— Да кто это? — спросил Ронни.
Бальдур с некоторым удивлением — как можно не знать! — ответил:
— Эрнст Ханфштенгль…
— Чтоооо?!
— Что слышал… Ну, говорю же тебе — это он. Пуци[1]. На, — Бальдур сунул в руку Ронни визитную карточку. Ронни машинально прочел надпись на ней, и глаза у него вылезли на лоб, потому что написано было, очевидно, шутки ради, не только имя, но и прозвище.
— Почему, — спросил Ронни, — его прозвали Пуци? Ты знаешь, Бальдур?
— За то, что неряха. Нет, не в том смысле, что сорочек не меняет, а в том, что постоянно умудряется посадить на себя пятно даже в том случае, если обвязан салфеткой…
Ронни никогда в жизни не осмелился бы прийти по адресу, указанному на визитке. Сидеть с Бальдуром в Богом забытой комнатушке — это было одно, а являться пред ясны очи Пуци Ханфштенгля — это совсем другое. Пуци был не просто видной фигурой в артистической жизни Мюнхена — он был настоящей звездой. Миллионер, владелец процветающего издательского дела был желанным гостем в каждом уважающем себя светском салоне по двум причинам. Славу Пуци создали два его таланта — виртуозная игра на рояле и убийственное остроумие.
Нет, Ронни не собирался тащиться к нему в своем обтрепанном гольдберговском костюме. Но это было неважно, совсем неважно. Важно было лишь то, что Пуци сказал о его игре…
Яльмар фон Гроф единственный из ребят сторонился Бальдура фон Шираха, и рот его с выступающей нижней губой невольно кривился от презрения и отчаяния. Яльмар чувствовал, что смазливый малец вот-вот почти без усилий узурпирует его незримый трон, на котором он, Яльмар, всегда восседал на любом сборище оруженосцев по праву главного сорвиголовы. Но оказалось, что метелить коммунистов и коммунят на улице — это еще не все.
Бальдур много читал, Бальдур знал все на свете и мог все на свете объяснить. Бальдур интересно рассказывал, Бальдур философствовал, Бальдура слушали и поддерживали. Малец бесил Яльмара, когда уверенно рассуждал о национал-социалистическом будущем Германии, рассуждал так, что даже Уве Франк внимательно слушал и кивал лохматой головой. Кроме того, пацаны тянулись к Бальдуру потому, что он вел себя не как вожак мальчишек, а как старший их брат — никогда он, подобно Яльмару, не окорачивал никого командным тоном, не доказывал ничего кулаками, он просто подходил и смотрел тебе в глаза мягко и с участием, гася в зародыше любое желание затеять ссору.

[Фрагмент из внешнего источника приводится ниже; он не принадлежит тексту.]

lemma join_steps_invariants:
  assumes "graph V E" and "(join_step V E)\<^sup>*\<^sup>* H X" and "H \<subseteq> E"
  shows "X \<subseteq> E" "H \<subseteq> X" "cycle_rank V X = cycle_rank V H"
  using assms(2)
proof (induction rule: rtranclp_induct)
  case (step Y Z)
  note inv = join_step_invariants[OF assms(1) step.hyps(2) step.IH(1)]
  show "Z \<subseteq> E" "H \<subseteq> Z" "cycle_rank V Z = cycle_rank V H"
    using inv step.IH by auto
qed (use assms(3) in simp_all)

lemma reachable_crossing_edge:
  assumes "reachable E u v" and "\<not> reachable H u v"
  obtains x y where "{x, y} \<in> E" "reachable H u x" "\<not> reachable H u y"
proof -
  have "(u, v) \<in> (adj_rel E)\<^sup>*" using assms(1) by (simp add: reachable_def)
  then have "reachable H u v \<or> (\<exists>x y. {x, y} \<in> E \<and> reachable H u x \<and> \<not> reachable H u y)"
  proof (induction rule: rtrancl_induct)
    case (step w z)
    then have "{w, z} \<in> E" by (simp add: adj_rel_def)
    with step.IH show ?case by blast
  qed simp
  then show ?thesis using assms(2) that by blast
qed

lemma join_steps_connect:
  assumes "graph V E" and "connected_graph V E" and "H \<subseteq> E"
  shows "\<exists>X. (join_step V E)\<^sup>*\<^sup>* H X \<and> connected_graph V X"
  using assms(3)
proof (induction "card (E - H)" arbitrary: H rule: less_induct)
  case less
  show ?case
  proof (cases "connected_graph V H")
    case True
    then show ?thesis by (intro exI[of _ H]) simp
  next
    case False
    obtain u v where uv: "u \<in> V" "v \<in> V" "\<not> reachable H u v"
      using False assms(2) by (auto simp: connected_graph_def)
    then have "reachable E u v" using assms(2) by (simp add: connected_graph_def)
    then obtain x y where xy: "{x, y} \<in> E" "reachable H u x" "\<not> reachable H u y"
      using uv(3) by (rule reachable_crossing_edge)
    have "\<not> reachable H x y" using reachable_trans[OF xy(2)] xy(3) by blast
    moreover from this have "{x, y} \<notin> H" by (metis reachable_edge)
    moreover have "x \<in> V" "y \<in> V" using graph_edge_vertices[OF assms(1) xy(1)] by simp_all
    ultimately have step: "join_step V E H (insert {x, y} H)"
      unfolding join_step_def using False xy(1) by blast
    have "card (E - insert {x, y} H) < card (E - H)"
      using xy(1) \<open>{x, y} \<notin> H\<close> finite_graph_edges[OF assms(1)]
      by (intro psubset_card_mono) auto
    moreover have "insert {x, y} H \<subseteq> E" using less.prems xy(1) by simp
    ultimately obtain X where "(join_step V E)\<^sup>*\<^sup>* (insert {x, y} H) X" "connected_graph V X"
      using less.hyps by blast
    then show ?thesis using converse_rtranclp_into_rtranclp[of "join_step V E", OF step] by blast
  qed
qed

Ронни наблюдал за Яльмаром, он опасался этого неуемного и самолюбивого драчуна и слишком любил Бальдура, чтоб не ощущать тех колющих болезненных токов, что прямо-таки били от Яльмара, когда Бальдур снова и снова оказывался в центре внимания. Яльмар пульсировал, словно нарыв, налитый ядовитым гноем зависти.
На пьянке в неуютной холостяцкой квартире Уве Франка нарыв прорвался.
Уве сам был пьяницей — он полагал уменье пить одной из непременных составляющих мужественности, даром что сам из-за постоянного злоупотребления алкоголем пить уже совершенно не мог — ему хватало стакана шнапса, чтоб погрузиться в сон, по сладости и длительности подобный вечному покою. Старшие оруженосцы порой собирались в его неухоженной квартире, дабы спокойно напиться — тут было нечего опасаться ни родителей, ни полиции, ни коммунистов, ни общественного мнения. Тем более что единственный цензор — Уве — вырубался быстрее всех, после чего препровождался под жилисты рученьки на свою койку и заводил там в две дырочки «Дойчлянд, Дойчлянд юбер аллес» с удивительно нежным подсвистом.
Ронни почти никогда не принимал участия в этих мальчишеских загулах, но в этот раз пришлось — потому что Бальдур достиг среди пацанов уже такой степени влияния, что пренебрежение общими развлечениями могло повредить его авторитету, он ведь и так был одним из самых младших… Нутром почувствовав это, Бальдур заявил, что «неплохо было бы выпить», а Ронни, разумеется, счел долгом его сопровождать.
Ронни видел, что Бальдур старается не налегать на спиртное. Несколько выпитых глотков шнапса одарили его необычайным красноречием, чем он и пользовался вовсю. Его слушали, с ним пытались спорить, он с удовольствием отвечал, блестя чуть затуманенными синими глазами, щеки у него нежно горели, и ему, кажется, нравилось сидеть в центре всеобщего оживления.